Some people balk at the idea of working with their husbands or wives. As difficult as it can be to set boundaries between work and personal life — and as easy as it can be to expect too much of each other — working together can add a lot to a relationship.

“You have to learn to appreciate each other’s strengths,´ said Terry Anna of Masonville, a business and life journey coach who also works with his wife, Carolyn, a licensed professional counselor. “You have to learn to read each other’s stress. More important than anything, you have to put your relationship before the business.”

Don and Mary Tennessen of Greeley had been married about two years when they both decided to leave their jobs in the corporate world — both worked in development and marketing in the senior housing industry — and switch to real estate. They are broker associates for The Group Inc. in Greeley.

When they first started, they’d go out on appointments and do as much as they possibly could together. Then they got a good piece of advice from their own business and personal coach: They needed to “divide and conquer” if their business was going to grow.

Now they go their separate ways much of the time. Don works more on land and development deals, and Mary prefers the residential side of real estate.

The biggest surprise in working together for the past six years has been discovering each other’s strengths. Don finds it easy to organize things and figure out how systems work. Mary is good at building relationships.

“We used to have this perception that we were similar in so many ways,” Don said. “But we are really different in a lot of ways. We can now recognize how to use the differences to bring out the best in both of us.”

Angie Noe also learned a lot about herself working with her husband. She’s a first-born, take-charge kind of person and feels compelled to work a lot — perhaps too much, she said.

“I’m so goal-oriented, I guess I got engulfed in it,” she said. “It was easy for me to try to do it all.”

Angie still helps Steve with some of the paperwork required for the cleaning business, but now she concentrates more on the coffee shop. Steve has learned to do some of Angie’s former duties on his own.

The result has left both of them feeling like they have more time for each other and their three boys.

“When you work together, you are focused on the same goal,” Steve said. “But the downside is, it can be consuming. We often felt there was no time away from the business.”

Setting boundaries can be the most difficult part about working together as a couple.
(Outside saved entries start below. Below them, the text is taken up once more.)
definition CAL_objective :: "nat \<Rightarrow> ('s::finite \<times> 'a::finite \<Rightarrow> 'c::finite \<Rightarrow> real) \<Rightarrow> real
      \<Rightarrow> (nat \<Rightarrow> 's \<Rightarrow> 'a \<Rightarrow> 's \<Rightarrow> real) \<Rightarrow> ('s \<Rightarrow> real)
      \<Rightarrow> (nat \<Rightarrow> 's \<Rightarrow> 'a \<Rightarrow> real) \<Rightarrow> (nat \<Rightarrow> 's \<Rightarrow> 'a \<Rightarrow> real) \<Rightarrow> real" where
  "CAL_objective N \<Phi> \<gamma> P \<rho> \<pi>E \<pi>s = (\<Sum>i=1..N. mismatch \<Phi> \<gamma> (P i) \<rho> (\<pi>E i) (\<pi>s i))"

definition CAL_optimizer :: "nat \<Rightarrow> ('s::finite \<times> 'a::finite \<Rightarrow> 'c::finite \<Rightarrow> real) \<Rightarrow> real
      \<Rightarrow> (nat \<Rightarrow> 's \<Rightarrow> 'a \<Rightarrow> 's \<Rightarrow> real) \<Rightarrow> ('s \<Rightarrow> real)
      \<Rightarrow> (nat \<Rightarrow> 's \<Rightarrow> 'a \<Rightarrow> real) \<Rightarrow> real
      \<Rightarrow> (nat \<Rightarrow> 's \<Rightarrow> 'a \<Rightarrow> real) \<Rightarrow> ('s \<Rightarrow> 'a \<Rightarrow> real) \<Rightarrow> bool" where
  "CAL_optimizer N \<Phi> \<gamma> P \<rho> \<pi>E \<epsilon> \<pi>s \<pi>c \<longleftrightarrow> CAL_feasible N \<epsilon> \<pi>s \<pi>c \<and>
     (\<forall>\<pi>s' \<pi>c'. CAL_feasible N \<epsilon> \<pi>s' \<pi>c' \<longrightarrow>
        CAL_objective N \<Phi> \<gamma> P \<rho> \<pi>E \<pi>s \<le> CAL_objective N \<Phi> \<gamma> P \<rho> \<pi>E \<pi>s')"

end

theory Submission
  imports Defs
begin

(* Part (a): every local policy of a CAL optimizer is a policy, and pi_cen minimizes the
   averaged mismatch over all policies.
   Part (b): the transition kernel is an l1 contraction, so policies at sup distance delta have
   time-t state distributions at l1 distance at most t |A| delta; hence their occupation measures
   differ by at most (|A| + 1) delta / (1 - gamma)^2 pointwise, and every mismatch is Lipschitz
   in the policy with some constant L.  In a CAL optimizer with parameter eps the local policies
   are pairwise within 2 eps, and (pi_cen, ..., pi_cen; pi_cen) is feasible, so
   V(pi_j) <= V(pi_cen) + 2 L eps; choose 2 L eps below the gap V(pi_dec) - V(pi_cen). *)

lemma sum_swap3:
  "(\<Sum>x\<in>A. \<Sum>y\<in>B. \<Sum>z\<in>C. f x y z) = (\<Sum>y\<in>B. \<Sum>z\<in>C. \<Sum>x\<in>A. f x y z)"
  by (subst sum.swap) (rule sum.cong[OF refl sum.swap])

lemma abs_mult_diff_le:
  fixes x y p q \<delta> :: real
  assumes "0 \<le> p" "0 \<le> y" "\<bar>p - q\<bar> \<le> \<delta>"
  shows "\<bar>x * p - y * q\<bar> \<le> \<bar>x - y\<bar> * p + y * \<delta>"
proof -
  have "\<bar>x * p - y * q\<bar> = \<bar>(x - y) * p + y * (p - q)\<bar>"
    by (simp add: algebra_simps)
  also have "\<dots> \<le> \<bar>x - y\<bar> * p + y * \<bar>p - q\<bar>"
    using abs_triangle_ineq[of "(x - y) * p" "y * (p - q)"] assms by (simp add: abs_mult)
  also have "\<dots> \<le> \<bar>x - y\<bar> * p + y * \<delta>"
    using assms by (simp add: mult_left_mono)
  finally show ?thesis .
qed

lemma policy_nonneg: "\<pi> \<in> policies \<Longrightarrow> 0 \<le> \<pi> s a"
  by (simp add: policies_def)

lemma policy_sum: "\<pi> \<in> policies \<Longrightarrow> (\<Sum>a\<in>UNIV. \<pi> s a) = 1"
  by (simp add: policies_def)

lemma policy_le_one: "\<pi> \<in> policies \<Longrightarrow> \<pi> s a \<le> 1"
  using member_le_sum[of a UNIV "\<pi> s"] by (simp add: policies_def)

locale finite_mdp =
  fixes P :: "'s::finite \<Rightarrow> 'a::finite \<Rightarrow> 's \<Rightarrow> real" and \<rho> :: "'s \<Rightarrow> real"
  assumes P_nonneg: "0 \<le> P s a s'"
    and P_sum: "(\<Sum>s'\<in>UNIV. P s a s') = 1"
    and rho_nonneg: "0 \<le> \<rho> s"
    and rho_sum: "(\<Sum>s\<in>UNIV. \<rho> s) = 1"
begin

lemma state_dist_nonneg: "\<pi> \<in> policies \<Longrightarrow> 0 \<le> state_dist P \<rho> \<pi> t s"
  by (induction t arbitrary: s)
    (auto simp: rho_nonneg P_nonneg policy_nonneg intro!: sum_nonneg)

lemma state_dist_sum:
  assumes "\<pi> \<in> policies"
  shows "(\<Sum>s\<in>UNIV. state_dist P \<rho> \<pi> t s) = 1"
proof (induction t)
  case 0
  show ?case by (simp add: rho_sum)
next
  case (Suc t)
  have "(\<Sum>s'\<in>UNIV. state_dist P \<rho> \<pi> (Suc t) s')
      = (\<Sum>s\<in>UNIV. \<Sum>a\<in>UNIV. state_dist P \<rho> \<pi> t s * \<pi> s a * (\<Sum>s'\<in>UNIV. P s a s'))"
    by (subst state_dist.simps, subst sum_swap3) (simp add: sum_distrib_left)
  also have "\<dots> = (\<Sum>s\<in>UNIV. state_dist P \<rho> \<pi> t s * (\<Sum>a\<in>UNIV. \<pi> s a))"
    by (simp add: P_sum sum_distrib_left)
  also have "\<dots> = 1"
    using Suc assms by (simp add: policy_sum)
  finally show ?case .
qed

lemma state_dist_le_one:
  assumes "\<pi> \<in> policies"
  shows "state_dist P \<rho> \<pi> t s \<le> 1"
  using member_le_sum[of s UNIV "state_dist P \<rho> \<pi> t"] state_dist_nonneg state_dist_sum assms
  by simp

lemma kernel_l1_contraction:
  "(\<Sum>s'\<in>UNIV. \<bar>\<Sum>s\<in>UNIV. \<Sum>a\<in>UNIV. m s a * P s a s'\<bar>) \<le> (\<Sum>s\<in>UNIV. \<Sum>a\<in>UNIV. \<bar>m s a\<bar>)"
proof -
  have "(\<Sum>s'\<in>UNIV. \<bar>\<Sum>s\<in>UNIV. \<Sum>a\<in>UNIV. m s a * P s a s'\<bar>)
      \<le> (\<Sum>s'\<in>UNIV. \<Sum>s\<in>UNIV. \<Sum>a\<in>UNIV. \<bar>m s a\<bar> * P s a s')"
    by (intro sum_mono order.trans[OF sum_abs]) (simp add: abs_mult P_nonneg)
  also have "\<dots> = (\<Sum>s\<in>UNIV. \<Sum>a\<in>UNIV. \<bar>m s a\<bar> * (\<Sum>s'\<in>UNIV. P s a s'))"
    by (subst sum_swap3) (simp add: sum_distrib_left)
  finally show ?thesis
    by (simp add: P_sum)
qed

lemma state_dist_l1_dist:
  assumes \<pi>: "\<pi> \<in> policies" and \<pi>': "\<pi>' \<in> policies"
    and close: "\<forall>s a. \<bar>\<pi> s a - \<pi>' s a\<bar> \<le> \<delta>"
  shows "(\<Sum>s\<in>UNIV. \<bar>state_dist P \<rho> \<pi> t s - state_dist P \<rho> \<pi>' t s\<bar>) \<le> real t * CARD('a) * \<delta>"
proof (induction t)
  case 0
  show ?case by simp
next
  case (Suc t)
  let ?d = "state_dist P \<rho> \<pi> t" and ?d' = "state_dist P \<rho> \<pi>' t"
  have "(\<Sum>s'\<in>UNIV. \<bar>state_dist P \<rho> \<pi> (Suc t) s' - state_dist P \<rho> \<pi>' (Suc t) s'\<bar>)
      = (\<Sum>s'\<in>UNIV. \<bar>\<Sum>s\<in>UNIV. \<Sum>a\<in>UNIV. (?d s * \<pi> s a - ?d' s * \<pi>' s a) * P s a s'\<bar>)"
    by (simp add: sum_subtractf[symmetric] left_diff_distrib)
  also have "\<dots> \<le> (\<Sum>s\<in>UNIV. \<Sum>a\<in>UNIV. \<bar>?d s * \<pi> s a - ?d' s * \<pi>' s a\<bar>)"
    by (rule kernel_l1_contraction)
  also have "\<dots> \<le> (\<Sum>s\<in>UNIV. \<Sum>a\<in>UNIV. \<bar>?d s - ?d' s\<bar> * \<pi> s a + ?d' s * \<delta>)"
    using close by (intro sum_mono abs_mult_diff_le) (simp_all add: policy_nonneg state_dist_nonneg \<pi> \<pi>')
  also have "\<dots> = (\<Sum>s\<in>UNIV. \<bar>?d s - ?d' s\<bar>) + CARD('a) * \<delta> * (\<Sum>s\<in>UNIV. ?d' s)"
  proof -
    have "(\<Sum>a\<in>UNIV. \<bar>?d s - ?d' s\<bar> * \<pi> s a) = \<bar>?d s - ?d' s\<bar>" for s
      using policy_sum[OF \<pi>] by (simp flip: sum_distrib_left)
    then show ?thesis
      by (simp add: sum.distrib sum_distrib_left mult_ac)
  qed
  also have "\<dots> \<le> real t * CARD('a) * \<delta> + CARD('a) * \<delta>"
    using Suc state_dist_sum[OF \<pi>'] by simp
  finally show ?case
    by (simp add: algebra_simps)
qed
The Tennessens said they usually set aside a predetermined time to turn off their cell phones and postpone any discussions about work until the next day.

Terry and Carolyn Anna set aside time each morning to ask each other two questions: How is it going personally, and how is it going with the business?

Terry said he and his wife have also learned to think differently about conflict. “People think conflict is bad, but it actually breeds intimacy if you know how to resolve it,” he said.

Working together has led to such a deep knowledge of his wife; Terry said he feels he knows Carolyn better than he did his first wife of 24 years, who died in 1992. He and Carolyn have been married for six years.

“There is this deep connection emotionally, not just in business,” he said. “By recognizing each other’s individuality, we see so many facets of each other we might not have seen if we didn’t work together.”

Ten years ago, Steve and Angie Noe started their own business because they always wanted to build something together.

The lessons learned along the way were valuable and sometimes hard. Steve realized that he relied on Angie too much to take care of the office side of their cleaning business, Duraclean Services in Greeley.

Angie learned that she wanted to pursue something on her own. She did last spring, and now she runs The Coffee Pot, a coffee shop in downtown Greeley.

“It really strengthened us to work together,” Angie said. “We’ve had so many obstacles to work through.”